Luke a Pro

Luke Sun

Developer & Marketer

🇺🇦
EN||

Huffman Coding

| , 4 minutes reading.

Huffman Coding: The Tree of Brevity

The Story: The Morse Code Problem

In 1836, Samuel Morse invented a code to send messages over wires. He noticed that the letter ‘E’ is the most common letter in English, while ‘Z’ is very rare. So he made ‘E’ a single dot (.). He made ‘Z’ a complex sequence (--..). By making common things short and rare things long, he saved time.

In 1952, David Huffman formalized this idea mathematically. He proved that if you build a specific type of binary tree based on frequency, you can create the optimal prefix-free code for any set of data.

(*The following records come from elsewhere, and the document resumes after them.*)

(* For $r\in\{1,\dots,n\}$ let $f_r=[\psi_1,\psi_1^*]\cdots[\psi_r,\psi_r^*]\in\mathrm{Cl}_q(n,k)$, where $[A,B]=AB-BA$. Let $\phi_a$ denote either $\psi_a$ or $\psi_a^*$. Then: (i) if $a>r$, then $\phi_a f_r=f_r\phi_a$ and $\omega_a f_r = f_r\omega_a$; (ii) if $a\le r$, then $\phi_a f_r=-f_r\phi_a$; (iii) for any $r,s\le n$, $f_rf_s=f_sf_r$ and $f_r^2=1$.
   Context: Let $\mathbb{k}$ be a field of characteristic different from $2$, let $q\in\mathbb{k}^\times$, and let $n,k$ be positive integers. The quantum Clifford algebra $\mathrm{Cl}_q(n,k)$ is the unital associative $\mathbb{k}$-algebra generated by $\psi_a,\psi_a^*,\omega_a,\omega_a^{-1}$ for $a\in\{1,\dots,n\}$, subject to the relations (for all $a,b\in\{1,\dots,n\}$): $\omega_a\omega_b=\omega_b\omega_a$; $\omega_a\omega_a^{-1}=1$; $\omega_a\psi_b=q^{\delta_{ab}}\psi_b\omega_a$; $\omega_a\psi_b^*=q^{-\delta_{ab}}\psi_b^*\omega_a$; $\psi_a\psi_b+\psi_b\psi_a=0$; $\psi_a^*\psi_b^*+\psi_b^*\psi_a^*=0$; $\psi_a\psi_a^*+q^k\psi_a^*\psi_a=\omega_a^{-k}$; $\psi_a\psi_a^*+q^{-k}\psi_a^*\psi_a=\omega_a^{k}$; and $\psi_a\psi_b^*+\psi_b^*\psi_a=0$ if $a\neq b$. *)

theory Defs
  imports Main
begin

(* A k-algebra structure on 'a: a ring homomorphism from the field 'k into the centre of 'a. *)
definition k_algebra_emb :: "('k::field \<Rightarrow> 'a::ring_1) \<Rightarrow> bool" where
  "k_algebra_emb emb \<longleftrightarrow>
     emb 1 = 1 \<and> (\<forall>x y. emb (x + y) = emb x + emb y) \<and>
     (\<forall>x y. emb (x * y) = emb x * emb y) \<and> (\<forall>c z. emb c * z = z * emb c)"

definition commutator :: "'a::ring \<Rightarrow> 'a \<Rightarrow> 'a" where
  "commutator A B = A * B - B * A"

(* Elements psi a, psis a (the starred generator psi_a^star), om a (= omega_a), omi a (= omega_a^{-1}), a = 1..n,
   satisfying the defining relations of Cl_q(n,k). *)
definition qcl_relations ::
  "('k::field \<Rightarrow> 'a::ring_1) \<Rightarrow> 'k \<Rightarrow> nat \<Rightarrow> nat \<Rightarrow>
   (nat \<Rightarrow> 'a) \<Rightarrow> (nat \<Rightarrow> 'a) \<Rightarrow> (nat \<Rightarrow> 'a) \<Rightarrow> (nat \<Rightarrow> 'a) \<Rightarrow> bool" where
  "qcl_relations emb q n k psi psis om omi \<longleftrightarrow>
    (\<forall>a\<in>{1..n}. \<forall>b\<in>{1..n}.
       om a * om b = om b * om a \<and>
       om a * omi a = 1 \<and>
       om a * psi b = emb q ^ (if a = b then 1 else 0) * psi b * om a \<and>
       om a * psis b = emb (inverse q) ^ (if a = b then 1 else 0) * psis b * om a \<and>
       psi a * psi b + psi b * psi a = 0 \<and>
       psis a * psis b + psis b * psis a = 0 \<and>
       psi a * psis a + emb q ^ k * psis a * psi a = omi a ^ k \<and>
       psi a * psis a + emb (inverse q) ^ k * psis a * psi a = om a ^ k \<and>
       (a \<noteq> b \<longrightarrow> psi a * psis b + psis b * psi a = 0))"

definition fr :: "(nat \<Rightarrow> 'a::ring_1) \<Rightarrow> (nat \<Rightarrow> 'a) \<Rightarrow> nat \<Rightarrow> 'a" where
  "fr psi psis r = prod_list (map (\<lambda>i. commutator (psi i) (psis i)) [1..<Suc r])"

end

theory Submission
  imports Defs
begin

(*
  Write c_a = [psi_a, psi_a^*], so f_r = c_1 ... c_r. Since 2 is invertible, the anticommutation
  relations give psi_a psi_a = psi_a^* psi_a^* = 0, which makes psi_a and psi_a^* anticommute with c_a;
  generators of index b \<noteq> a anticommute with both psi_a and psi_a^*, hence commute with c_a, and
  omega_b commutes with c_a. Multiplying the two q-deformed relations for index a, whose right-hand
  sides omega_a^k and omega_a^-k are inverse to each other, yields c_a^2 = 1. Thus f_r is a product
  of pairwise commuting involutions, and phi_a anticommutes with exactly one of its factors if
  a \<le> r and with none if a > r.
*)

lemma commute_commutator:
  fixes x y z :: "'a::ring"
  assumes "x * y = y * x" and "x * z = z * x"
  shows "x * commutator y z = commutator y z * x"
proof -
  have "x * y * z = y * z * x" "x * z * y = z * y * x"
    by (metis assms mult.assoc)+
  then show ?thesis
    by (simp add: commutator_def algebra_simps)
qed

lemma commute_commutator_if_anticommute:
  fixes x y z :: "'a::ring"
  assumes "x * y = - (y * x)" and "x * z = - (z * x)"
  shows "x * commutator y z = commutator y z * x"
proof -
  have "x * y * z = y * z * x" "x * z * y = z * y * x"
    by (metis assms mult.assoc minus_mult_left minus_mult_right minus_minus)+
  then show ?thesis
    by (simp add: commutator_def algebra_simps)
qed

lemma anticommute_commutator_left:
  fixes x z :: "'a::ring"
  assumes "x * x = 0"
  shows "x * commutator x z = - (commutator x z * x)"
proof -
  have "z * x * x = 0"
    using assms by (simp add: mult.assoc)
  with assms show ?thesis
    by (simp add: commutator_def algebra_simps flip: mult.assoc)
qed

lemma anticommute_commutator_right:
  fixes x z :: "'a::ring"
  assumes "z * z = 0"
  shows "z * commutator x z = - (commutator x z * z)"
proof -
  have "z * (z * x) = 0"
    using assms by (simp flip: mult.assoc)
  with assms show ?thesis
    by (simp add: commutator_def algebra_simps mult.assoc)
qed

lemma commutator_square_eq_one:
  fixes x z s t :: "'a::ring_1"
  assumes "x * x = 0" and "z * z = 0"
    and unit: "(x * z + s * (z * x)) * (x * z + t * (z * x)) = 1"
    and central: "\<And>y. t * y = y * t" and "s * t = 1"
  shows "commutator x z * commutator x z = 1"
proof -
  have xz_zx: "x * z * (z * x) = 0" and zx_xz: "z * x * (x * z) = 0"
    using assms(1,2) by (metis mult.assoc mult_zero_left mult_zero_right)+
  have "x * z * (t * (z * x)) = t * (x * z * (z * x))"
    by (metis central mult.assoc)
  moreover have "s * (z * x) * (t * (z * x)) = (s * t) * (z * x * (z * x))"
    by (metis central mult.assoc)
  ultimately have "(x * z + s * (z * x)) * (x * z + t * (z * x)) = x * z * (x * z) + z * x * (z * x)"
    using xz_zx zx_xz \<open>s * t = 1\<close> by (simp add: algebra_simps)
  then show ?thesis
    using unit xz_zx zx_xz by (simp add: commutator_def algebra_simps)
qed

lemma commute_prod_list:
  fixes x :: "'a::monoid_mult"
  assumes "\<forall>y\<in>set ys. x * y = y * x"
  shows "x * prod_list ys = prod_list ys * x"
  using assms by (induction ys) (simp_all, metis mult.assoc)

lemma prod_list_commute:
  fixes ys zs :: "'a::monoid_mult list"
  assumes "\<forall>y\<in>set ys. \<forall>z\<in>set zs. y * z = z * y"
  shows "prod_list ys * prod_list zs = prod_list zs * prod_list ys"
proof -
  have "\<forall>z\<in>set zs. prod_list ys * z = z * prod_list ys"
    using assms by (metis commute_prod_list)
  then show ?thesis
    by (rule commute_prod_list)
qed

lemma anticommute_prod_list:
  fixes x u :: "'a::ring_1"
  assumes "\<forall>y\<in>set us. x * y = y * x" and "x * u = - (u * x)" and "\<forall>y\<in>set vs. x * y = y * x"
  shows "x * prod_list (us @ u # vs) = - (prod_list (us @ u # vs) * x)"
proof -
  have "x * prod_list (us @ u # vs) = (x * prod_list us) * u * prod_list vs"
    by (simp add: mult.assoc)
  also have "\<dots> = prod_list us * (x * u) * prod_list vs"
    using commute_prod_list[OF assms(1)] by (simp add: mult.assoc)
  also have "\<dots> = - (prod_list us * u * (x * prod_list vs))"
    using assms(2) by (simp add: mult.assoc)
  also have "\<dots> = - (prod_list (us @ u # vs) * x)"
    using commute_prod_list[OF assms(3)] by (simp add: mult.assoc)
  finally show ?thesis .
qed

lemma prod_list_square_eq_one:
  fixes ys :: "'a::monoid_mult list"
  assumes "\<forall>y\<in>set ys. y * y = 1" and "\<forall>y\<in>set ys. \<forall>z\<in>set ys. y * z = z * y"
  shows "prod_list ys * prod_list ys = 1"
  using assms
proof (induction ys)
  case (Cons y ys)
  have IH: "prod_list ys * prod_list ys = 1"
    using Cons.prems by (intro Cons.IH) (meson list.set_intros)+
  have "\<forall>z\<in>set ys. y * z = z * y"
    using Cons.prems(2) by (meson list.set_intros)
  then have commute: "prod_list ys * y = y * prod_list ys"
    by (simp add: commute_prod_list)
  have "prod_list (y # ys) * prod_list (y # ys) = y * (prod_list ys * y) * prod_list ys"
    by (simp add: mult.assoc)
  also have "\<dots> = (y * y) * (prod_list ys * prod_list ys)"
    unfolding commute by (simp add: mult.assoc)
  finally show ?case
    using Cons.prems(1) IH by simp
qed simp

This is Huffman Coding. It is the reason ZIP files are small and JPEG images load fast.

Why do we need it?

  • File Compression: ZIP, GZIP, PNG, JPEG, MP3 all use Huffman coding (or its variants) as a final step to squeeze out bits.
  • Bandwidth Savings: Sending less data over the network means faster websites and lower costs.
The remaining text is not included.